First, the steady flow through a nose-like model has been analyzed and juxtaposed to experimental findings for in- and expiration. The comparison has shown the numerical results to be in good agreement with the experimental findings. Subsequently, the unsteady flow for the complete respiration cycle has been analyzed and compared to steady state solutions for inspiration and expiration. As a rule-of-thumb the flow in the nasal cavity can be assumed steady for Strouhal numbers Sr ≲ 0.8 and Reynolds numbers Re > 800. Based on these results, the analysis of three anatomically correct in-silico nasal cavity geometries has been performed for steady inspiratory flow at rest. The results have been used to classify the nasal cavities from a fluid mechanics point of view. The classification is based on the evaluation of the pressure loss, streamline considerations, wall-shear stress distribution, heating capability, and heat flux distribution at the tissue surface. The results are in good agreement with subjective evaluations of the patients and with the according diagnoses of medical experts. They deliver detailed insight into the fundamental flow physics of respiration for individual patients and can be beneficial in pre-surgical procedural planning.

The presented approaches have underlined that the algorithms have grown mature and are ready for an integration into clinical tests. They allow highly detailed computations of steady and unsteady in- and expiratory flows. In this regard, the lattice-Boltzmann method has shown to be a cost-efficient approach for such computations. In light of the increasing power of today’s computer systems it is just a matter of years until such methods will be considered for clinical applications.

A major challenge will be given by increasing both the user-friendliness of such approaches and their acceptance among medical doctors. As such, the transition from a research code to a user-friendly software whose execution for an individual pathological case can be commissioned by surgeons as well as the automatic extraction of surgery-relevant data and suggestions still needs to be tackled. Such a tool in conjunction with large-scale databases of pathological cases will furthermore enable to extract surgery suggestions for new pathological cases from known cases via datamining and artificial intelligence algorithms. Also, the integration of shape-optimization algorithms will allow to optimize the anatomical structure with respect to increased respiratory efficiency by minimizing the pressure loss and wall-shear stress and by maximizing the heating and moisturization capability.

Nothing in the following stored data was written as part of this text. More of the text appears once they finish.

lemma bpair_antisym:
  assumes "p \<in> wedge2"
  shows "bpair p x y = - bpair p y x"
proof -
  have "bpair p x y = (\<Sum>j\<in>UNIV. \<Sum>i\<in>UNIV. p i j * x i * y j)"
    unfolding bpair_def by (rule sum.swap)
  also have "\<dots> = (\<Sum>j\<in>UNIV. \<Sum>i\<in>UNIV. - (p j i * y j * x i))"
  proof (intro sum.cong refl)
    fix i j
    have "p i j = - p j i"
      using assms unfolding wedge2_def by blast
    then show "p i j * x i * y j = - (p j i * y j * x i)"
      by (simp add: mult_ac)
  qed
  finally show ?thesis
    unfolding bpair_def by (simp add: sum_negf)
qed

lemma bpair_tens: "bpair (tens u v) \<xi> \<eta> = pair \<xi> u * pair \<eta> v"
  unfolding bpair_def tens_def pair_def sum_product by (simp add: mult_ac)

lemma coisotropic_bpair_annih:
  fixes p :: "'n::finite \<Rightarrow> 'n \<Rightarrow> 'k::field"
  assumes "coisotropic U p" and "\<xi> \<in> annih U" and "\<eta> \<in> annih U"
  shows "bpair p \<xi> \<eta> = 0"
proof -
  interpret T: module "tsc :: 'k \<Rightarrow> ('n \<Rightarrow> 'n \<Rightarrow> 'k) \<Rightarrow> _" by (rule module_tsc)
  have "p \<in> T.span ({tens u v | u v. u \<in> U \<and> v \<in> UNIV} \<union> {tens v u | u v. u \<in> U \<and> v \<in> UNIV})"
    using assms(1) unfolding coisotropic_def wedge_sub_def by blast
  then show ?thesis
  proof (induct rule: T.span_induct_alt)
    case base
    show ?case by (simp add: bpair_def)
  next
    case (step c x y)
    have "bpair x \<xi> \<eta> = 0"
      using step(1) assms(2,3) by (auto simp: bpair_tens annih_def)
    have "bpair (tsc c x + y) \<xi> \<eta> = c * bpair x \<xi> \<eta> + bpair y \<xi> \<eta>"
      unfolding bpair_def tsc_def by (simp add: sum.distrib sum_distrib_left algebra_simps)
    also have "\<dots> = 0"
      using \<open>bpair x \<xi> \<eta> = 0\<close> step(2) by simp
    finally show ?case .
  qed
qed

lemma quotient_map_row_annih:
  assumes "is_quotient_map R W"
  shows "R i \<in> annih W"
  using assms unfolding is_quotient_map_def annih_def app_def pair_def by (auto simp: fun_eq_iff)

lemma sum_fun_apply: "sum f A x = (\<Sum>a\<in>A. f a x)"
  by (induct A rule: infinite_finite_induct) auto

lemma app_in_subspace:
  fixes A :: "'n::finite \<Rightarrow> 'm::finite \<Rightarrow> 'k::field"
  assumes "is_subspace U" and "\<And>c. (\<lambda>k. A k c) \<in> U"
  shows "app A v \<in> U"
proof -
  interpret M: module "vsc :: 'k \<Rightarrow> ('n \<Rightarrow> 'k) \<Rightarrow> _" by (rule module_vsc)
  have "(\<Sum>c\<in>UNIV. vsc (v c) (\<lambda>k. A k c)) \<in> U"
    using assms(1) unfolding is_subspace_def
    by (intro M.subspace_sum M.subspace_scale assms(2))
  moreover have "(\<Sum>c\<in>UNIV. vsc (v c) (\<lambda>k. A k c)) = app A v"
    unfolding app_def vsc_def by (auto simp: fun_eq_iff sum_fun_apply mult.commute)
  ultimately show ?thesis by simp
qed

lemma exists_section_in_subspace:
  assumes "is_subspace U" and "app R ` U = UNIV"
  obtains Q where "\<And>v. app Q v \<in> U" and "matmul R Q = R"
proof -
  have "\<forall>c. \<exists>u\<in>U. app R u = (\<lambda>i. R i c)"
    using assms(2) by (metis UNIV_I imageE)
  then obtain w where w: "\<And>c. w c \<in> U" "\<And>c. app R (w c) = (\<lambda>i. R i c)"
    by metis
  define Q where "Q k c = w c k" for k c
  have "app Q v \<in> U" for v
    by (rule app_in_subspace[OF assms(1)]) (simp add: Q_def w(1))
  moreover have "matmul R Q = R"
  proof (intro ext)
    fix i c
    have "matmul R Q i c = app R (w c) i"
      by (simp add: matmul_def app_def Q_def)
    then show "matmul R Q i c = R i c"
      by (simp add: w(2))
  qed
  ultimately show thesis
    by (rule that)
qed

lemma section_is_projection:
  assumes "inj_on (app R) U" and "0 \<in> U" and "\<And>v. app Q v \<in> U" and "matmul R Q = R"
  shows "\<And>u. u \<in> U \<Longrightarrow> app Q u = u" and "\<And>v. app R v = 0 \<Longrightarrow> app Q v = 0"
proof -
  have RQ: "app R (app Q v) = app R v" for v
    by (metis assms(4) app_matmul)
  show "app Q u = u" if "u \<in> U" for u
    using inj_onD[OF assms(1) RQ assms(3) that] .
  show "app Q v = 0" if "app R v = 0" for v
    using inj_onD[OF assms(1) _ assms(3) assms(2)] RQ[of v] that by simp
qed

lemma transpose_projection_annih:
  assumes "\<And>u. u \<in> U \<Longrightarrow> app Q u = u" and "\<And>w. w \<in> W \<Longrightarrow> app Q w = 0"
  shows "app (mat_transpose Q) \<xi> \<in> annih W" and "\<xi> - app (mat_transpose Q) \<xi> \<in> annih U"
proof -
  show "app (mat_transpose Q) \<xi> \<in> annih W"
    using assms(2) by (simp add: annih_def pair_app_transpose, simp add: pair_def)
  have "pair (\<xi> - app (mat_transpose Q) \<xi>) u = pair \<xi> u - pair \<xi> (app Q u)" for u
    by (simp add: pair_diff_left pair_app_transpose)
  then show "\<xi> - app (mat_transpose Q) \<xi> \<in> annih U"
    using assms(1) by (simp add: annih_def)
qed

lemma bpair_transpose_projection:
  assumes p: "p \<in> wedge2" and cois: "coisotropic U p"
    and orth: "\<forall>\<xi>\<in>annih W. \<forall>\<eta>\<in>annih V. bpair p \<xi> \<eta> = 0"
    and QW: "\<And>\<xi>. app (mat_transpose Q) \<xi> \<in> annih W"
    and QU: "\<And>\<xi>. \<xi> - app (mat_transpose Q) \<xi> \<in> annih U"
    and \<alpha>: "\<alpha> \<in> annih V" and \<beta>: "\<beta> \<in> annih V"
  shows "bpair p (app (mat_transpose Q) \<alpha>) (app (mat_transpose Q) \<beta>) = - bpair p \<alpha> \<beta>"
proof -
  let ?q = "app (mat_transpose Q)"
  have "bpair p (\<alpha> - ?q \<alpha>) (\<beta> - ?q \<beta>) = 0"
    using coisotropic_bpair_annih[OF cois QU QU] .
  moreover have "bpair p (?q \<alpha>) \<beta> = 0"
    using orth QW \<beta> by blast
  moreover have "bpair p \<alpha> (?q \<beta>) = 0"
    using orth QW \<alpha> bpair_antisym[OF p] by (metis neg_equal_0_iff_equal)
  ultimately show ?thesis
    by (simp add: bpair_diff_left bpair_diff_right eq_neg_iff_add_eq_0 add.commute)
qed

theorem lemmaA2:
  fixes p :: "'n::finite \<Rightarrow> 'n \<Rightarrow> 'k::field"
    and V1 V2 U :: "('n \<Rightarrow> 'k) set"
    and R1 :: "'m1::finite \<Rightarrow> 'n \<Rightarrow> 'k"
    and R2 :: "'m2::finite \<Rightarrow> 'n \<Rightarrow> 'k"
    and P :: "'m2 \<Rightarrow> 'm1 \<Rightarrow> 'k"
  assumes p: "p \<in> wedge2"
    and V1: "is_subspace V1" and V2: "is_subspace V2"
    and orth: "\<forall>\<xi>\<in>annih V1. \<forall>\<eta>\<in>annih V2. bpair p \<xi> \<eta> = 0"
    and R1: "is_quotient_map R1 V1" and R2: "is_quotient_map R2 V2"
    and U: "is_subspace U" and cois: "coisotropic U p"
    and iso: "bij_betw (app R1) U UNIV"
    and psi: "\<forall>u\<in>U. app P (app R1 u) = app R2 u"
  shows "app2 P (app2 R1 p) = - app2 R2 p"
  \<comment> \<open>\<open>V1\<close> and \<open>V2\<close> are kernels of \<open>R1\<close> and \<open>R2\<close>.\<close>
proof -
  have inj: "inj_on (app R1) U" and onto: "app R1 ` U = UNIV"
    using iso by (auto simp: bij_betw_def)
  obtain Q where QU: "\<And>v. app Q v \<in> U" and R1Q: "matmul R1 Q = R1"
    using exists_section_in_subspace[OF U onto] by blast
  \<comment> \<open>\<open>Q\<close> is the matrix of the projection \<open>q\<close> onto \<open>U\<close> along \<open>V1\<close>.\<close>
  have "0 \<in> U"
    using U module.subspace_0[OF module_vsc] by (simp add: is_subspace_def)
  note proj = section_is_projection[OF inj this QU R1Q]
  have Q_zero: "app Q v = 0" if "v \<in> V1" for v
    using proj(2) R1 that unfolding is_quotient_map_def by blast
  note Q_transpose = transpose_projection_annih[of U Q V1, OF proj(1) Q_zero]
  have PR1: "matmul P R1 = matmul R2 Q"
    by (rule matrix_eqI) (metis app_matmul R1Q QU psi)
  have "app2 P (app2 R1 p) i j = - app2 R2 p i j" for i j
  proof -
    have "app2 P (app2 R1 p) i j = bpair p (matmul R2 Q i) (matmul R2 Q j)"
      by (simp add: app2_app2 app2_eq_bpair PR1)
    also have "\<dots> = - bpair p (R2 i) (R2 j)"
      unfolding matmul_row
      using bpair_transpose_projection[OF p cois orth Q_transpose] quotient_map_row_annih[OF R2]
      by blast
    finally show ?thesis
      by (simp add: app2_eq_bpair)
  qed
  then show ?thesis
    by (simp add: fun_eq_iff)
qed

end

There is still room for improvement from a modeling perspective. To improve the similarity between realistic and simulated respiration, effects of nasal hair, wall-bounded fluid transport, and tissue movement could be considered to be included. Examples where fluid-structure interactions play a role are the nasal valve effect, which causes a narrowing of the airway at inspiration, the movement of the suppository and the soft palate when snoring, or even the airway collapse in obstructive sleep apnea syndrome patients. Inclusion of these aspects on the one hand will increase the computational effort and on the other hand, will enhance the solutions of the simulations. The model development and numerical implementations are still an active field of research.